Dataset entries
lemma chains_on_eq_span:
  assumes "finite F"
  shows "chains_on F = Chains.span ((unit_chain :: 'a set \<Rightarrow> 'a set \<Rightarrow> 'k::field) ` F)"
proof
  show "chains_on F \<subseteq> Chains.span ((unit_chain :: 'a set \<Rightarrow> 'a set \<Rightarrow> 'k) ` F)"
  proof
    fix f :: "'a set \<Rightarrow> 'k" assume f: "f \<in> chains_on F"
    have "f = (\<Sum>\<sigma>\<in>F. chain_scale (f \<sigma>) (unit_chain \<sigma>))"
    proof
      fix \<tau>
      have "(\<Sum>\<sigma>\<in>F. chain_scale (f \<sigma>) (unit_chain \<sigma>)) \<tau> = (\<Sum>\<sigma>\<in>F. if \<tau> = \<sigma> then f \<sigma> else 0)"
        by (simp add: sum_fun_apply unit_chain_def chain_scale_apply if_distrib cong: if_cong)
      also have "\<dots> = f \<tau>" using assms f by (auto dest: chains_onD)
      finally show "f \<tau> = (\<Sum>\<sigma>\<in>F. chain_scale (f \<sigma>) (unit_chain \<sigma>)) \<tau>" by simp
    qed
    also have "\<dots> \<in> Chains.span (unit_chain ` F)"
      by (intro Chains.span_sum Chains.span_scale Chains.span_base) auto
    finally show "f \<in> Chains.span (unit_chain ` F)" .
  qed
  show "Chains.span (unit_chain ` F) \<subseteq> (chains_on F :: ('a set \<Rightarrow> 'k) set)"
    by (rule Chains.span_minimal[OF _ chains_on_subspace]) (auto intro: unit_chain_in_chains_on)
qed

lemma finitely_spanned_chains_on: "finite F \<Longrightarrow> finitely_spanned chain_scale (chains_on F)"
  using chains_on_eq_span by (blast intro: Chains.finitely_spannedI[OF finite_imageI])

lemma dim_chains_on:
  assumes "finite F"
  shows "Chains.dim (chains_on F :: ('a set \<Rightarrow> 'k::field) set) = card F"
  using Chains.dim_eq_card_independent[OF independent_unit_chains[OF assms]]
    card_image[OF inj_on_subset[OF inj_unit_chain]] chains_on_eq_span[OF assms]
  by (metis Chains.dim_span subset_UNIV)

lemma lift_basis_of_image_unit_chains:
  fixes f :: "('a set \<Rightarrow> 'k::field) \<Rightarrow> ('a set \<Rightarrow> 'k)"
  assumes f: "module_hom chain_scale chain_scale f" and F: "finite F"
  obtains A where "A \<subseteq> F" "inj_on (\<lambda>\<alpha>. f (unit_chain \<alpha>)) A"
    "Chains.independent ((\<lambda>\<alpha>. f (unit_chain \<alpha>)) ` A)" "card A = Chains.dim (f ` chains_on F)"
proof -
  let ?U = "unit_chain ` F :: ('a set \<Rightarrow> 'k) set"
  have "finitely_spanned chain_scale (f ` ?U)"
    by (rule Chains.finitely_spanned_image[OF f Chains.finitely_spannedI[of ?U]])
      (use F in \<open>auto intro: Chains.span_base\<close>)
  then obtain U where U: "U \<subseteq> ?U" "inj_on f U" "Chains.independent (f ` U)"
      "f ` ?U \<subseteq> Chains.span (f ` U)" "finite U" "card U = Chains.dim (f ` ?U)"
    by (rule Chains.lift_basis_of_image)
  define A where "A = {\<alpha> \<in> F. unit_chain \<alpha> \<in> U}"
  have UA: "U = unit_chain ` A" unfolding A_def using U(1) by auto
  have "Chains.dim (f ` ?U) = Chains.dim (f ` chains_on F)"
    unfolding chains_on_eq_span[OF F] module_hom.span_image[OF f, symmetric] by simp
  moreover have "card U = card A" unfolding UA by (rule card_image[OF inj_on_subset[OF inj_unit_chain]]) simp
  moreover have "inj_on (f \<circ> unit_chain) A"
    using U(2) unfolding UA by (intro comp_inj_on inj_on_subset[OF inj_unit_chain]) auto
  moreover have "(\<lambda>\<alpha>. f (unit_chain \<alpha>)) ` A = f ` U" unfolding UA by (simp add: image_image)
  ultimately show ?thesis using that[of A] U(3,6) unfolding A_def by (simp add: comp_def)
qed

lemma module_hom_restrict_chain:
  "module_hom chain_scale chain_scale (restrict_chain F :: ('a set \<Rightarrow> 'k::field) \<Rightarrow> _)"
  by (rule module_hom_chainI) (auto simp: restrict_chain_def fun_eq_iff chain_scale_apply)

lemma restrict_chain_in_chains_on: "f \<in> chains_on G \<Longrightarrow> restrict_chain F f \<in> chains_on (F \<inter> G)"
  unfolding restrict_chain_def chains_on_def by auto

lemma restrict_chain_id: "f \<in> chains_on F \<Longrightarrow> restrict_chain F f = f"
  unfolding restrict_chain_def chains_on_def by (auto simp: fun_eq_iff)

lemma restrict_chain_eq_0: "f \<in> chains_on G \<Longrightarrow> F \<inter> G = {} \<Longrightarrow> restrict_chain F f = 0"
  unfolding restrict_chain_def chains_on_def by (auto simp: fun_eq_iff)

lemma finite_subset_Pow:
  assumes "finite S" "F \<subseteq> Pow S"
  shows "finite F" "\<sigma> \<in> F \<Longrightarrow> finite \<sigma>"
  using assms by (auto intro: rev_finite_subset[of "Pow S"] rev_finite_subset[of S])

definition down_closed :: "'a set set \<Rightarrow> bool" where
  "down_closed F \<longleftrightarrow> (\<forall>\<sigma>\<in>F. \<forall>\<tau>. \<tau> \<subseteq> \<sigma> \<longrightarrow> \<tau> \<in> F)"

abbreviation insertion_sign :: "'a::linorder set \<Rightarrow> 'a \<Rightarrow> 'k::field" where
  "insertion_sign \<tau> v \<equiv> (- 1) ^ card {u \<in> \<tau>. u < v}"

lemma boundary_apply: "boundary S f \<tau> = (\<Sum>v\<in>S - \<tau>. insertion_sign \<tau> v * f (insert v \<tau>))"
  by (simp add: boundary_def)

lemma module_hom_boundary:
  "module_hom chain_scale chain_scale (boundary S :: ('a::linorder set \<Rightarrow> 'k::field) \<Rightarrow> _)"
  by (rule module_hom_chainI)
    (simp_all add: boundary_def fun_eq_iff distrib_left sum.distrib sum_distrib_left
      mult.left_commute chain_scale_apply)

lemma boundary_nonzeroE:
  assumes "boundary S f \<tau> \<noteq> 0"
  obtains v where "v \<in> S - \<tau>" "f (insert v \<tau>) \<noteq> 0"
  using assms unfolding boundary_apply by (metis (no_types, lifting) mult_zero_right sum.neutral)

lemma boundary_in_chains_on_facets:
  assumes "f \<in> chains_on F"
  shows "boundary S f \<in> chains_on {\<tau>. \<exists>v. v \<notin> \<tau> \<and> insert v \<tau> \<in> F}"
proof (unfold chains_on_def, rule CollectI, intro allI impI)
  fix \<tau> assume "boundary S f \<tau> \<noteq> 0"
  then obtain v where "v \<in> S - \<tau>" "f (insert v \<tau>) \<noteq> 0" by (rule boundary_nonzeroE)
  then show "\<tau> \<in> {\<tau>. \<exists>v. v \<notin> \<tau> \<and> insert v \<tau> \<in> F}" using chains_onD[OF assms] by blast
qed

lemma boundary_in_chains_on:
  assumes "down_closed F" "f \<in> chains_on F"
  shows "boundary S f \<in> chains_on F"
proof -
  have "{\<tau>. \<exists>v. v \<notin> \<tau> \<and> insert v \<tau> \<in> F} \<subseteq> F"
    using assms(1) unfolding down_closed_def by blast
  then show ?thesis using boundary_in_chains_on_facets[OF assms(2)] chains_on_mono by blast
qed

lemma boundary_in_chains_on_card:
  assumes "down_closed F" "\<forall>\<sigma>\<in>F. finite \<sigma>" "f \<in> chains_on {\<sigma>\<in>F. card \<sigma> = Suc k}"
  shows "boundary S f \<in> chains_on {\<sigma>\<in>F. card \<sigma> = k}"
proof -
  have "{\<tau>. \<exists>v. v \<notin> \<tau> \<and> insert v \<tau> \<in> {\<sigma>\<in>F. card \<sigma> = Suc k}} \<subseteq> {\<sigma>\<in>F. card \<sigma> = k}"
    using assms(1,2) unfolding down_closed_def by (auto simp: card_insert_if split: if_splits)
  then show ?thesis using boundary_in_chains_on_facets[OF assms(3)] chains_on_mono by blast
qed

* * *

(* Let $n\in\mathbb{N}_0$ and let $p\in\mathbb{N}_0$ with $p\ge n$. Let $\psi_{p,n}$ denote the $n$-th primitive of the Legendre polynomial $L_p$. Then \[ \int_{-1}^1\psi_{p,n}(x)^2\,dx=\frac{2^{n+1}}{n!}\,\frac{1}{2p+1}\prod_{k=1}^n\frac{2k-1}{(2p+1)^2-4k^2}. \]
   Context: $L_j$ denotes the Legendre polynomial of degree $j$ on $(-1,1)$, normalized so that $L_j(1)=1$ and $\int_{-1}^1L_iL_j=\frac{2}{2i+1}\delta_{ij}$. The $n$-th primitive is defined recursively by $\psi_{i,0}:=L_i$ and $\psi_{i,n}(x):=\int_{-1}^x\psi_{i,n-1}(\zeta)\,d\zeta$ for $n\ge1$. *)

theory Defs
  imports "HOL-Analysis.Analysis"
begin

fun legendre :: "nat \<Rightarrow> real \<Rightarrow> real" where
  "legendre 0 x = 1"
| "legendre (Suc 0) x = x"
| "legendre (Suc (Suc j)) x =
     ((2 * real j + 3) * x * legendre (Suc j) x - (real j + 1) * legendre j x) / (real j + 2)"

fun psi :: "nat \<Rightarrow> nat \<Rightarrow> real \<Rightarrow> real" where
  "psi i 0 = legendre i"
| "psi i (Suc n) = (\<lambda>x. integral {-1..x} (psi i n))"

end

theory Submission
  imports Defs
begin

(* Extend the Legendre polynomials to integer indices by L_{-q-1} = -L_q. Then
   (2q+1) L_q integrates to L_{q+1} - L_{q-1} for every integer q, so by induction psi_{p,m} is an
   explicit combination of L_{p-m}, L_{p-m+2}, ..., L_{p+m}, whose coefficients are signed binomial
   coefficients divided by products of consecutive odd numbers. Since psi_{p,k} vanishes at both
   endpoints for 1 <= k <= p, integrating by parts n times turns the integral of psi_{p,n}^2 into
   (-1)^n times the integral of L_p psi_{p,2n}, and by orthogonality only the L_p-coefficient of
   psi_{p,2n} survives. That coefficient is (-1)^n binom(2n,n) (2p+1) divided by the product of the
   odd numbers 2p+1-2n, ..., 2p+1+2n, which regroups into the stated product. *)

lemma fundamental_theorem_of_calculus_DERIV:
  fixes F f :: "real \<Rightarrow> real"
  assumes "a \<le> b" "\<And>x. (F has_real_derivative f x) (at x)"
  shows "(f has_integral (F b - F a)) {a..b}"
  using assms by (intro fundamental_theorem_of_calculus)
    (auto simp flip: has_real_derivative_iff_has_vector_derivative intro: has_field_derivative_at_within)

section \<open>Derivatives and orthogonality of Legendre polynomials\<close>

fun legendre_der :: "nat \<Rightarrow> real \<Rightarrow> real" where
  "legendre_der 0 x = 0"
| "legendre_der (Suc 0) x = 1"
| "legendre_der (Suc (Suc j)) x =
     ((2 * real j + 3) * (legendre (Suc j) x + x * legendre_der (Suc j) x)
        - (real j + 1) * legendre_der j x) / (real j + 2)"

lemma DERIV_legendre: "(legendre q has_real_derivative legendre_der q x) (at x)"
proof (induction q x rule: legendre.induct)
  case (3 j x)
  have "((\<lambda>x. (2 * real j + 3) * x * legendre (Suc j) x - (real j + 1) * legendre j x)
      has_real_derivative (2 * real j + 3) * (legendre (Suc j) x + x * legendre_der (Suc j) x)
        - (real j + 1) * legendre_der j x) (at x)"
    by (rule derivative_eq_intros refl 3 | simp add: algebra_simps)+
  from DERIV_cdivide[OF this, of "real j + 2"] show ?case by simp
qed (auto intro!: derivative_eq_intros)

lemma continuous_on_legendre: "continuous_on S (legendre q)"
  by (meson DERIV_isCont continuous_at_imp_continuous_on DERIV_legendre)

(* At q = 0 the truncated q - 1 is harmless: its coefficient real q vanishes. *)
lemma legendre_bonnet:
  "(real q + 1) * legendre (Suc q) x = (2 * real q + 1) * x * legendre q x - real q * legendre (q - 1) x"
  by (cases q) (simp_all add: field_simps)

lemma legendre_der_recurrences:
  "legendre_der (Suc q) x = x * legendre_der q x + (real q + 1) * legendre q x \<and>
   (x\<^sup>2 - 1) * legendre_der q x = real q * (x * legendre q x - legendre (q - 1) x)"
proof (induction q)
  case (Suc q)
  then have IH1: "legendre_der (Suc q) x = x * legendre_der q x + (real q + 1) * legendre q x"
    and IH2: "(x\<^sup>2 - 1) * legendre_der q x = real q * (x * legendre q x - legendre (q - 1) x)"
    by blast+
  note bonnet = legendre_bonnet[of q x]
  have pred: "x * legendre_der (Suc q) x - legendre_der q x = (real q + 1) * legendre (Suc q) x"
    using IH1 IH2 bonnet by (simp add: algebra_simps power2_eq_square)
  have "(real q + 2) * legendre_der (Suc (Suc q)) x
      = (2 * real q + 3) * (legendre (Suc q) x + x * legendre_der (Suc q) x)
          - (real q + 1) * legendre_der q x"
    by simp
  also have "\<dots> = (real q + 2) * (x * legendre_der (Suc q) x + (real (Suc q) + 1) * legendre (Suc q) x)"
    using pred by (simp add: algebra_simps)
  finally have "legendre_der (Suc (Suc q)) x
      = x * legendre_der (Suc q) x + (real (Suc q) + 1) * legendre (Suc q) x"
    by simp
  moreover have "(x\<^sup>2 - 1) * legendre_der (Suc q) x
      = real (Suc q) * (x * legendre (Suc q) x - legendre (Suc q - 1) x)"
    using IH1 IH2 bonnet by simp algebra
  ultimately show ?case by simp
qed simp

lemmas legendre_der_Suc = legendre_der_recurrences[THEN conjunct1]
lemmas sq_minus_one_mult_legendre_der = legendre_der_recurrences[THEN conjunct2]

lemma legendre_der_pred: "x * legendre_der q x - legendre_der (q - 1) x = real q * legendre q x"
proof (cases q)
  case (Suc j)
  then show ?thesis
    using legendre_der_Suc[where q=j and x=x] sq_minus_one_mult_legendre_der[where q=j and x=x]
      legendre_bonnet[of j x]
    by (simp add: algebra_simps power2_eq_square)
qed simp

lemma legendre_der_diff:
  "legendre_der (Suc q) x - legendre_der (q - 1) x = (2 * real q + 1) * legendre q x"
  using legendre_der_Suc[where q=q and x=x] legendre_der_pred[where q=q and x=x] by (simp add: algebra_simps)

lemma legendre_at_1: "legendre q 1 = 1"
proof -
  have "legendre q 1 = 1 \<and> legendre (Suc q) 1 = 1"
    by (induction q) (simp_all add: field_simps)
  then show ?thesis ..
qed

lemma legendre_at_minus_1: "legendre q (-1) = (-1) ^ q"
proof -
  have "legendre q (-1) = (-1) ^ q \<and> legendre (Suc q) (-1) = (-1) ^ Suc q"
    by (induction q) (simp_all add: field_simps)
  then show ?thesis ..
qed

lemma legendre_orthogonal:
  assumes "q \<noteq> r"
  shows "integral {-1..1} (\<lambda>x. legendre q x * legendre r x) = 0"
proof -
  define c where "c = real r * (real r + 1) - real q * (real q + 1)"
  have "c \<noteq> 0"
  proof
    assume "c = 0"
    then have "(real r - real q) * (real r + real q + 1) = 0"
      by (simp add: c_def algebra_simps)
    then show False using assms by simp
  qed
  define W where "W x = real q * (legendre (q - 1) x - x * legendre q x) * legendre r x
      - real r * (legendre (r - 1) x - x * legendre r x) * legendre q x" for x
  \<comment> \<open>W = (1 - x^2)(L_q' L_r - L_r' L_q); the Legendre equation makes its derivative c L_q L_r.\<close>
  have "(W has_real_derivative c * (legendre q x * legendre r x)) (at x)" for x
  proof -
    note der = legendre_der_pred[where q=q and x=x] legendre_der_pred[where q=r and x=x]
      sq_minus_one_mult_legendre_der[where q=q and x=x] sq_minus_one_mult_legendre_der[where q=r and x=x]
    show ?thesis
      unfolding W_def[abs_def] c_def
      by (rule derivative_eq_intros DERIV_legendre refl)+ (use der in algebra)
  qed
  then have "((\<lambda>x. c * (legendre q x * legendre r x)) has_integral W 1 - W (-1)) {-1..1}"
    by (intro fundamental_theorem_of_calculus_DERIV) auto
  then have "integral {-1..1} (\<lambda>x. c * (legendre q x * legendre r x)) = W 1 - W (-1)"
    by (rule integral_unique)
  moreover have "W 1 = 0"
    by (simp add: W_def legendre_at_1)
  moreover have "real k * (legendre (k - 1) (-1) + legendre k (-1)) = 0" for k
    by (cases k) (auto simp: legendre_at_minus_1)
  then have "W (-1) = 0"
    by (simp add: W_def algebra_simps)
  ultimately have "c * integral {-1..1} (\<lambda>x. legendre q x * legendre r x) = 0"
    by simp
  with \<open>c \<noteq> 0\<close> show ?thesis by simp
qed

● **ABOUT THIS EXERCISE**
Looking at the data above, show all lines where the word "finally" occurs.

● **RESPONSE BELOW**
      finally show "f \<tau> = (\<Sum>\<sigma>\<in>F. chain_scale (f \<sigma>) (unit_chain \<sigma>)) \<tau>" by simp
    finally show "f \<in> Chains.span (unit_chain ` F)" .
  finally have "legendre_der (Suc (Suc q)) x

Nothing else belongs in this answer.